Екатерина II усмехнулась криво и недовольно.

— Права свободной личности! — небрежно бросила она. — Какие громкие слова! Милый мой, это хорошо в философских рассуждениях. Я сама с большой охотой дискутировала об этом с Дидро и Вольтером, но теория — одно, а государственная необходимость — другое.

Запомни себе, милейший, что для русского верноподданного эта теория вредна и опасна. Ну, да довольно ненужных слов! Итак, ты отказываешься подчиниться моему требованию?

— Ваше величество, вы изволили сказать, что от меня требуется добровольное согласие!

— А ты не хочешь дать его? Отлично! Можешь уйти. Я выполню что обещала, но… — императрица сделала многозначительный, полный скрытой угрозы жест.

Прямо от императрицы Державин бросился в Павловск к великому князю, но не застал его там: Павел Петрович уехал на охоту. Державин переговорил с Салтыковым, попросил его передать великому князю все, происшедшее с Марией, и вернулся обратно в Петербург.

В тот же день к нему явился полицмейстер.

— Я должен узнать, — сказал он, — когда ваше превосходительство собирается уехать из Петербурга?

— Я не собираюсь уезжать, пока мои поиски пропавшей сестры не увенчаются успехом.

— Так-с… А все-таки лучше было бы вам уехать! — сказал полицмейстер.

— Я сам знаю, что мне лучше или хуже делать, и ни у кого не прошу советов.

— Осмелюсь заметить вашему превосходительству, что там, где правит самодержавная монархиня, неуместно говорить о своей воле…

— Вы хотите намекнуть, что ее величество желает моего отъезда?

— Вы сказали правильно.

— В таком случае у вас должен быть высочайший указ!

— Он у меня имеется.

— Где же он?

— Благоволите выглянуть в окно.

Державин посмотрел в окно и увидел там поданный к его крыльцу дорожный экипаж, эскортируемый лейб-казаками.

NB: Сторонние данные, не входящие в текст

lemma cheb_approx_exp:
  fixes a \<theta> \<epsilon> :: real
  assumes a: "a \<ge> 0" and \<theta>: "\<theta> \<ge> 0" and \<epsilon>: "\<epsilon> > 0"
  shows "\<exists>q. degree q \<le> n \<and> (\<forall>t. \<bar>t\<bar> \<le> 1 \<longrightarrow>
           \<bar>exp (a * t) - poly q t\<bar> \<le> 2 * exp (a * cosh \<theta> - real (n + 1) * \<theta>) + \<epsilon>)"
proof -
  have "(\<lambda>M. exp a * (inverse (fact M) * a ^ M)) \<longlonglongrightarrow> exp a * 0"
    by (intro tendsto_mult_left summable_LIMSEQ_zero summable_exp)
  then obtain M where "exp a * (inverse (fact M) * a ^ M) < \<epsilon>"
    using \<epsilon> by (metis (no_types, lifting) eventually_sequentially mult_zero_right order_refl order_tendstoD(2))
  then have M: "exp a * a ^ M / fact M < \<epsilon>" by (simp add: divide_inverse mult_ac)
  have "\<bar>exp (a * t) - poly (exp_cheb_trunc a M n) t\<bar> \<le> 2 * exp (a * cosh \<theta> - real (n + 1) * \<theta>) + \<epsilon>"
    if t: "\<bar>t\<bar> \<le> 1" for t
  proof -
    have at: "\<bar>a * t\<bar> \<le> a" using a t by (simp add: abs_mult mult_left_le)
    have "\<bar>exp (a * t) - (\<Sum>m<M. (a * t) ^ m / fact m)\<bar> \<le> exp \<bar>a * t\<bar> * \<bar>a * t\<bar> ^ M / fact M"
      by (rule abs_exp_minus_taylor_le)
    also have "\<dots> \<le> exp a * a ^ M / fact M"
      using at by (intro divide_right_mono mult_mono power_mono) auto
    finally show ?thesis
      using abs_taylor_exp_minus_cheb_trunc_le[OF a \<theta> t, of M n] M by linarith
  qed
  then show ?thesis using degree_exp_cheb_trunc by blast
qed

section \<open>A lower bound from discrete orthogonality\<close>

lemma sum_cis_roots_of_unity:
  fixes N :: nat and x :: int
  assumes N: "N > 0"
  shows "(\<Sum>j<N. cis (2 * pi * real j * real_of_int x / real N)) = (if int N dvd x then of_nat N else 0)"
proof -
  define \<omega> where "\<omega> = cis (2 * pi * real_of_int x / real N)"
  have pw: "cis (2 * pi * real j * real_of_int x / real N) = \<omega> ^ j" for j
    unfolding \<omega>_def DeMoivre by (simp add: algebra_simps)
  show ?thesis
  proof (cases "int N dvd x")
    case True
    then obtain c where c: "x = int N * c" by blast
    have "2 * pi * real_of_int x / real N = 2 * pi * real_of_int c" unfolding c using N by simp
    then have "\<omega> = cis (2 * pi * real_of_int c)" unfolding \<omega>_def by simp
    also have "\<dots> = 1" by (rule cis_multiple_2pi) simp
    finally show ?thesis using True by (simp add: pw)
  next
    case False
    have "\<omega> \<noteq> 1"
    proof
      assume "\<omega> = 1"
      then have "cos (2 * pi * real_of_int x / real N) = 1" unfolding \<omega>_def
        by (metis cis.sel(1) one_complex.sel(1))
      then obtain n :: int where "2 * pi * real_of_int x / real N = real_of_int n * 2 * pi"
        using cos_one_2pi_int by blast
      then have "real_of_int x = real_of_int n * real N" using N by (simp add: field_simps)
      then have "x = n * int N" by (metis of_int_eq_iff of_int_mult of_int_of_nat_eq)
      then show False using False by simp
    qed
    moreover have "\<omega> ^ N = 1" unfolding \<omega>_def DeMoivre using N by (simp add: cis_multiple_2pi)
    ultimately show ?thesis using False geometric_sum[of \<omega> N] by (simp add: pw)
  qed
qed

lemma sum_cos_roots_of_unity:
  fixes N :: nat and x :: int
  assumes "N > 0"
  shows "(\<Sum>j<N. cos (2 * pi * real j * real_of_int x / real N)) = (if int N dvd x then real N else 0)"
  using arg_cong[OF sum_cis_roots_of_unity[OF assms, of x], of Re] by (simp add: Re_sum)

definition cos_node_moment :: "nat \<Rightarrow> nat \<Rightarrow> nat \<Rightarrow> real" where
  "cos_node_moment N k m =
     (\<Sum>j<N. cos (2 * pi * real j / real N) ^ m * cos (real k * (2 * pi * real j / real N)))"

lemma cos_node_moment_eq:
  assumes N: "N > 0"
  shows "cos_node_moment N k m = (\<Sum>i\<le>m. real (m choose i) *
     (((if int N dvd (2 * int i - int m - int k) then real N else 0)
      + (if int N dvd (2 * int i - int m + int k) then real N else 0)) / 2)) / 2 ^ m"
proof -
  define e where "e i j s = cos (2 * pi * real j * real_of_int (2 * int i - int m + s * int k) / real N)"
    for i j :: nat and s :: int
  have prod: "cos ((2 * real i - real m) * (2 * pi * real j / real N)) * cos (real k * (2 * pi * real j / real N))
      = (e i j (-1) + e i j 1) / 2" for i j
    unfolding cos_times_cos e_def by (simp add: algebra_simps add_divide_distrib diff_divide_distrib)
  have roots: "(\<Sum>j<N. e i j s) = (if int N dvd (2 * int i - int m + s * int k) then real N else 0)" for i s
    unfolding e_def by (rule sum_cos_roots_of_unity[OF N])
  have "cos_node_moment N k m = (\<Sum>j<N. (\<Sum>i\<le>m. real (m choose i) * ((e i j (-1) + e i j 1) / 2)) / 2 ^ m)"
    unfolding cos_node_moment_def cos_power_eq_binomial_sum prod[symmetric]
    by (simp add: sum_distrib_right mult.assoc)
  also have "\<dots> = (\<Sum>i\<le>m. real (m choose i) * (((\<Sum>j<N. e i j (-1)) + (\<Sum>j<N. e i j 1)) / 2)) / 2 ^ m"
    unfolding sum_divide_distrib[symmetric]
    by (subst sum.swap) (simp add: sum_distrib_left[symmetric] sum_divide_distrib[symmetric] sum.distrib)
  finally show ?thesis by (simp add: roots)
qed

lemma cos_node_moment_nonneg: "N > 0 \<Longrightarrow> cos_node_moment N k m \<ge> 0"
  by (subst cos_node_moment_eq) (auto intro!: sum_nonneg divide_nonneg_nonneg)

lemma cos_node_moment_eq_0:
  assumes "m < k"
  shows "cos_node_moment (2 * k) k m = 0"
proof -
  have "\<not> int (2 * k) dvd (2 * int i - int m + s * int k)" if "i \<le> m" "s \<in> {-1, 1}" for i s
  proof
    assume "int (2 * k) dvd (2 * int i - int m + s * int k)"
    then have "int (2 * k) dvd \<bar>2 * int i - int m + s * int k\<bar>" by simp
    then show False using that assms zdvd_not_zless[of "\<bar>2 * int i - int m + s * int k\<bar>" "int (2 * k)"]
      by (auto simp: abs_if split: if_splits)
  qed
  from this[of _ "-1"] this[of _ 1] show ?thesis using assms by (subst cos_node_moment_eq) auto
qed

lemma cos_node_moment_ge:
  assumes N: "N > 0"
  shows "real ((k + 2 * j) choose (k + j)) * (real N / 2) / 2 ^ (k + 2 * j) \<le> cos_node_moment N k (k + 2 * j)"
proof -
  define m where "m = k + 2 * j"
  define f where "f = (\<lambda>i. real (m choose i) *
     (((if int N dvd (2 * int i - int m - int k) then real N else 0)
      + (if int N dvd (2 * int i - int m + int k) then real N else 0)) / 2))"
  have "real (m choose (k + j)) * (real N / 2) \<le> f (k + j)"
    unfolding f_def m_def by (auto simp: field_simps)
  also have "\<dots> \<le> sum f {..m}"
    by (rule member_le_sum) (auto simp: f_def m_def)
  finally have "real (m choose (k + j)) * (real N / 2) / 2 ^ m \<le> sum f {..m} / 2 ^ m"
    by (rule divide_right_mono) simp
  then show ?thesis
    unfolding m_def f_def using cos_node_moment_eq[OF N, of k "k + 2 * j"] by linarith
qed

lemma sum_cheb_nodes_poly_eq_0:
  assumes "degree q < k"
  shows "(\<Sum>i<2 * k. poly q (cos (2 * pi * real i / real (2 * k))) * cos (real k * (2 * pi * real i / real (2 * k)))) = 0"
proof -
  have "(\<Sum>i<2 * k. poly q (cos (2 * pi * real i / real (2 * k))) * cos (real k * (2 * pi * real i / real (2 * k))))
      = (\<Sum>m\<le>degree q. coeff q m * cos_node_moment (2 * k) k m)"
    by (simp add: poly_altdef cos_node_moment_def sum_distrib_left sum_distrib_right mult.assoc)
       (rule sum.swap)
  also have "\<dots> = 0" using cos_node_moment_eq_0 assms by simp
  finally show ?thesis .
qed

lemma sum_cheb_nodes_exp_ge:
  fixes a :: real
  assumes a: "a \<ge> 0" and k: "k \<ge> 1"
  shows "real k * ((a/2) ^ (k + 2 * j) / (fact j * fact (k + j)))
    \<le> (\<Sum>i<2 * k. exp (a * cos (2 * pi * real i / real (2 * k))) * cos (real k * (2 * pi * real i / real (2 * k))))"
proof -
  define N where "N = 2 * k"
  have N: "N > 0" using k by (simp add: N_def)
  define x where "x i = cos (2 * pi * real i / real N)" for i
  define w where "w i = cos (real k * (2 * pi * real i / real N))" for i
  define \<mu> where "\<mu> m = a ^ m / fact m * cos_node_moment N k m" for m
  have "\<mu> sums (\<Sum>i<N. exp (a * x i) * w i)"
  proof -
    have "(\<lambda>m. (a * x i) ^ m / fact m * w i) sums (exp (a * x i) * w i)" for i
      using sums_mult2[OF exp_converges[of "a * x i"], of "w i"] by (simp add: divide_inverse_commute)
    then have "(\<lambda>m. \<Sum>i<N. (a * x i) ^ m / fact m * w i) sums (\<Sum>i<N. exp (a * x i) * w i)"
      by (rule sums_sum)
    moreover have "(\<Sum>i<N. (a * x i) ^ m / fact m * w i) = \<mu> m" for m
      by (simp add: \<mu>_def cos_node_moment_def x_def w_def sum_distrib_left power_mult_distrib field_simps)
    ultimately show ?thesis by simp
  qed
  then have "\<mu> (k + 2 * j) \<le> (\<Sum>i<N. exp (a * x i) * w i)"
    using sum_le_suminf[of \<mu> "{k + 2 * j}"] a cos_node_moment_nonneg[OF N] by (auto simp: \<mu>_def sums_iff)
  moreover have "real k * ((a/2) ^ (k + 2 * j) / (fact j * fact (k + j))) \<le> \<mu> (k + 2 * j)"
  proof -
    have "real ((k + 2 * j) choose (k + j)) = fact (k + 2 * j) / (fact (k + j) * fact j)"
      by (subst binomial_fact) auto
    then have "real k * ((a/2) ^ (k + 2 * j) / (fact j * fact (k + j)))
        = a ^ (k + 2 * j) / fact (k + 2 * j) * (real ((k + 2 * j) choose (k + j)) * (real N / 2) / 2 ^ (k + 2 * j))"
      by (simp add: N_def power_divide field_simps)
    also have "\<dots> \<le> \<mu> (k + 2 * j)"
      unfolding \<mu>_def using a by (intro mult_left_mono cos_node_moment_ge N) auto
    finally show ?thesis .
  qed
  ultimately show ?thesis by (simp add: N_def x_def w_def)
qed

— Разве я преступник, что меня удаляют под конвоем?

— Всякий, кто противится воле самодержавного монарха, является преступником. Итак, когда вашему превосходительству угодно будет отправиться в Москву?

— Я не двинусь с места без предъявления мне высочайшего указа!

— Слушаю-с! — полицмейстер подошел к двери и крикнул стоявшему там унтеру: — Послать сюда четырех казаков!

Сейчас же в комнату вошли рослые бородатые лейб-казаки.

— Сабли наголо! Окружить арестованного! — скомандовал полицмейстер.

Казаки безмолвно, словно на диво функционирующие машины, одновременно обнажили сабли и встали по двое с обеих сторон Державина.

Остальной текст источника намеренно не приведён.